*** Input records ***
lemma projection_span:
  fixes v :: "nat \<Rightarrow> 'a::field"
  assumes "v \<in> V.span B"
  shows "v(n := 0) \<in> V.span ((\<lambda>w. w(n := 0)) ` B)"
  using assms
proof (induction rule: V.span_induct_alt)
  case base
  have "(0 :: nat \<Rightarrow> 'a)(n := 0) = 0" by (simp add: fun_eq_iff)
  then show ?case using V.span_zero by metis
next
  case (step c x y)
  have eq: "(vscale c x + y)(n := 0) = vscale c (x(n := 0)) + y(n := 0)"
    by (simp add: fun_eq_iff vscale_def)
  have "x(n := 0) \<in> V.span ((\<lambda>w. w(n := 0)) ` B)"
    using step(1) by (intro V.span_base imageI)
  then show ?case
    unfolding eq using step(2) by (intro V.span_add V.span_scale)
qed

text \<open>The projection of an \<open>r\<close>-subspace of \<open>F_q^(n+1)\<close> lies inside some \<open>r\<close>-subspace
  of \<open>F_q^n\<close>: it is spanned by the projected basis, hence has dimension at most \<open>r\<close>.\<close>

lemma projection_in_subspace:
  fixes R :: "(nat \<Rightarrow> 'a::{field,finite}) set"
  assumes "R \<in> subspaces_dim (Suc n) r" and "r \<le> n"
  shows "\<exists>R0 \<in> subspaces_dim n r. \<forall>v \<in> R. v(n := 0) \<in> R0"
proof -
  have R: "R \<subseteq> ambient (Suc n)" "V.dim R = r"
    using assms(1) by (simp_all add: subspaces_dim_def)
  obtain B where B: "B \<subseteq> R" "V.independent B" "R \<subseteq> V.span B" "card B = V.dim R"
    using V.basis_exists[of R] by blast
  have B_ambient: "B \<subseteq> ambient (Suc n)" using B(1) R(1) by (rule order_trans)
  then have "finite B" using finite_ambient by (rule finite_subset)
  define T where "T = V.span ((\<lambda>w. w(n := 0)) ` B)"
  have "(\<lambda>w. w(n := 0)) ` B \<subseteq> ambient n"
    using B_ambient by (auto simp: ambient_def Suc_le_eq)
  then have "T \<subseteq> ambient n"
    unfolding T_def by (rule V.span_minimal[OF _ subspace_ambient])
  moreover have "V.dim T \<le> r"
  proof -
    have "V.dim T \<le> card ((\<lambda>w. w(n := 0)) ` B)"
      unfolding T_def V.dim_span using \<open>finite B\<close> by (intro V.dim_le_card' finite_imageI)
    also have "\<dots> \<le> card B" using \<open>finite B\<close> by (rule card_image_le)
    finally show ?thesis using B(4) R(2) by simp
  qed
  moreover have "V.subspace T" unfolding T_def by simp
  ultimately obtain R0 where R0: "R0 \<in> subspaces_dim n r" "T \<subseteq> R0"
    using subspace_extends_to_dim[of T n r] assms(2) by blast
  have "v(n := 0) \<in> R0" if "v \<in> R" for v
  proof -
    have "v(n := 0) \<in> T"
      unfolding T_def using B(3) that by (intro projection_span) blast
    then show ?thesis using R0(2) by blast
  qed
  then show ?thesis using R0(1) by blast
qed

lemma covering_lift:
  fixes C :: "(nat \<Rightarrow> 'a::{field,finite}) set set"
  assumes cov: "is_q_covering n k r C" and "r \<le> n"
  shows "is_q_covering (Suc n) (Suc k) r (lift n ` C)" and "card (lift n ` C) = card C"
proof -
  have C: "S \<in> subspaces_dim n k" if "S \<in> C" for S
    using cov that by (auto simp: is_q_covering_def)
  have "\<exists>S' \<in> lift n ` C. R \<subseteq> S'" if R: "R \<in> subspaces_dim (Suc n) r" for R
  proof -
    obtain R0 where R0: "R0 \<in> subspaces_dim n r" "\<forall>v \<in> R. v(n := 0) \<in> R0"
      using projection_in_subspace[OF R \<open>r \<le> n\<close>] by blast
    then obtain S where "S \<in> C" "R0 \<subseteq> S" using cov by (auto simp: is_q_covering_def)
    then have "R \<subseteq> lift n S" using R0(2) mem_lift by blast
    then show ?thesis using \<open>S \<in> C\<close> by blast
  qed
  then show "is_q_covering (Suc n) (Suc k) r (lift n ` C)"
    unfolding is_q_covering_def using C lift_subspaces_dim by blast
  have "inj_on (lift n) C"
  proof
    fix S1 S2 assume "S1 \<in> C" "S2 \<in> C" and eq: "lift n S1 = lift n S2"
    have "S1 = lift n S1 \<inter> ambient n"
      using C[OF \<open>S1 \<in> C\<close>] by (intro lift_inter_ambient[symmetric]) (simp_all add: subspaces_dim_def)
    also have "\<dots> = lift n S2 \<inter> ambient n" by (simp only: eq)
    also have "\<dots> = S2"
      using C[OF \<open>S2 \<in> C\<close>] by (intro lift_inter_ambient) (simp_all add: subspaces_dim_def)
    finally show "S1 = S2" .
  qed
  then show "card (lift n ` C) = card C" by (rule card_image)
qed

section \<open>Minimal coverings\<close>

lemma finite_subspaces_dim: "finite (subspaces_dim n k :: (nat \<Rightarrow> 'a::{field,finite}) set set)"
proof -
  have "subspaces_dim n k \<subseteq> Pow (ambient n :: (nat \<Rightarrow> 'a) set)"
    by (auto simp: subspaces_dim_def)
  then show ?thesis by (rule finite_subset) (simp add: finite_ambient)
qed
*** End of Input records ***
**Try it**
Copy the entries word for word.

**Completed task**
lemma projection_span:
  fixes v :: "nat \<Rightarrow> 'a::field"
  assumes "v \<in> V.span B"
  shows "v(n := 0) \<in> V.span ((\<lambda>w. w(n := 0)) ` B)"
  using assms
proof (induction rule: V.span_induct_alt)
  case base
  have "(0 :: nat \<Rightarrow> 'a)(n := 0) = 0" by (simp add: fun_eq_iff)
  then show ?case using V.span_zero by metis
next
  case (step c x y)
  have eq: "(vscale c x + y)(n := 0) = vscale c (x(n := 0)) + y(n := 0)"
    by (simp add: fun_eq_iff vscale_def)
  have "x(n := 0) \<in> V.span ((\<lambda>w. w(n := 0)) ` B)"
    using step(1) by (intro V.span_base imageI)
  then show ?case
    unfolding eq using step(2) by (intro V.span_add V.span_scale)
qed

text \<open>The projection of an \<open>r\<close>-subspace of \<open>F_q^(n+1)\<close> lies inside some \<open>r\<close>-subspace
  of \<open>F_q^n\<close>: it is spanned by the projected basis, hence has dimension at most \<open>r\<close>.\<close>

lemma projection_in_subspace:
  fixes R :: "(nat \<Rightarrow> 'a::{field,finite}) set"
  assumes "R \<in> subspaces_dim (Suc n) r" and "r \<le> n"
  shows "\<exists>R0 \<in> subspaces_dim n r. \<forall>v \<in> R. v(n := 0) \<in> R0"
proof -
  have R: "R \<subseteq> ambient (Suc n)" "V.dim R = r"
    using assms(1) by (simp_all add: subspaces_dim_def)
  obtain B where B: "B \<subseteq> R" "V.independent B" "R \<subseteq> V.span B" "card B = V.dim R"
    using V.basis_exists[of R] by blast
  have B_ambient: "B \<subseteq> ambient (Suc n)" using B(1) R(1) by (rule order_trans)
  then have "finite B" using finite_ambient by (rule finite_subset)
  define T where "T = V.span ((\<lambda>w. w(n := 0)) ` B)"
  have "(\<lambda>w. w(n := 0)) ` B \<subseteq> ambient n"
    using B_ambient by (auto simp: ambient_def Suc_le_eq)
  then have "T \<subseteq> ambient n"
    unfolding T_def by (rule V.span_minimal[OF _ subspace_ambient])
  moreover have "V.dim T \<le> r"
  proof -
    have "V.dim T \<le> card ((\<lambda>w. w(n := 0)) ` B)"
      unfolding T_def V.dim_span using \<open>finite B\<close> by (intro V.dim_le_card' finite_imageI)
    also have "\<dots> \<le> card B" using \<open>finite B\<close> by (rule card_image_le)
    finally show ?thesis using B(4) R(2) by simp
  qed
  moreover have "V.subspace T" unfolding T_def by simp
  ultimately obtain R0 where R0: "R0 \<in> subspaces_dim n r" "T \<subseteq> R0"
    using subspace_extends_to_dim[of T n r] assms(2) by blast
  have "v(n := 0) \<in> R0" if "v \<in> R" for v
  proof -
    have "v(n := 0) \<in> T"
      unfolding T_def using B(3) that by (intro projection_span) blast
    then show ?thesis using R0(2) by blast
  qed
  then show ?thesis using R0(1) by blast
qed

lemma covering_lift:
  fixes C :: "(nat \<Rightarrow> 'a::{field,finite}) set set"
  assumes cov: "is_q_covering n k r C" and "r \<le> n"
  shows "is_q_covering (Suc n) (Suc k) r (lift n ` C)" and "card (lift n ` C) = card C"
proof -
  have C: "S \<in> subspaces_dim n k" if "S \<in> C" for S
    using cov that by (auto simp: is_q_covering_def)
  have "\<exists>S' \<in> lift n ` C. R \<subseteq> S'" if R: "R \<in> subspaces_dim (Suc n) r" for R
  proof -
    obtain R0 where R0: "R0 \<in> subspaces_dim n r" "\<forall>v \<in> R. v(n := 0) \<in> R0"
      using projection_in_subspace[OF R \<open>r \<le> n\<close>] by blast
    then obtain S where "S \<in> C" "R0 \<subseteq> S" using cov by (auto simp: is_q_covering_def)
    then have "R \<subseteq> lift n S" using R0(2) mem_lift by blast
    then show ?thesis using \<open>S \<in> C\<close> by blast
  qed
  then show "is_q_covering (Suc n) (Suc k) r (lift n ` C)"
    unfolding is_q_covering_def using C lift_subspaces_dim by blast
  have "inj_on (lift n) C"
  proof
    fix S1 S2 assume "S1 \<in> C" "S2 \<in> C" and eq: "lift n S1 = lift n S2"
    have "S1 = lift n S1 \<inter> ambient n"
      using C[OF \<open>S1 \<in> C\<close>] by (intro lift_inter_ambient[symmetric]) (simp_all add: subspaces_dim_def)
    also have "\<dots> = lift n S2 \<inter> ambient n" by (simp only: eq)
    also have "\<dots> = S2"
      using C[OF \<open>S2 \<in> C\<close>] by (intro lift_inter_ambient) (simp_all add: subspaces_dim_def)
    finally show "S1 = S2" .
  qed
  then show "card (lift n ` C) = card C" by (rule card_image)
qed

section \<open>Minimal coverings\<close>

lemma finite_subspaces_dim: "finite (subspaces_dim n k :: (nat \<Rightarrow> 'a::{field,finite}) set set)"
proof -
  have "subspaces_dim n k \<subseteq> Pow (ambient n :: (nat \<Rightarrow> 'a) set)"
    by (auto simp: subspaces_dim_def)
  then show ?thesis by (rule finite_subset) (simp add: finite_ambient)
qed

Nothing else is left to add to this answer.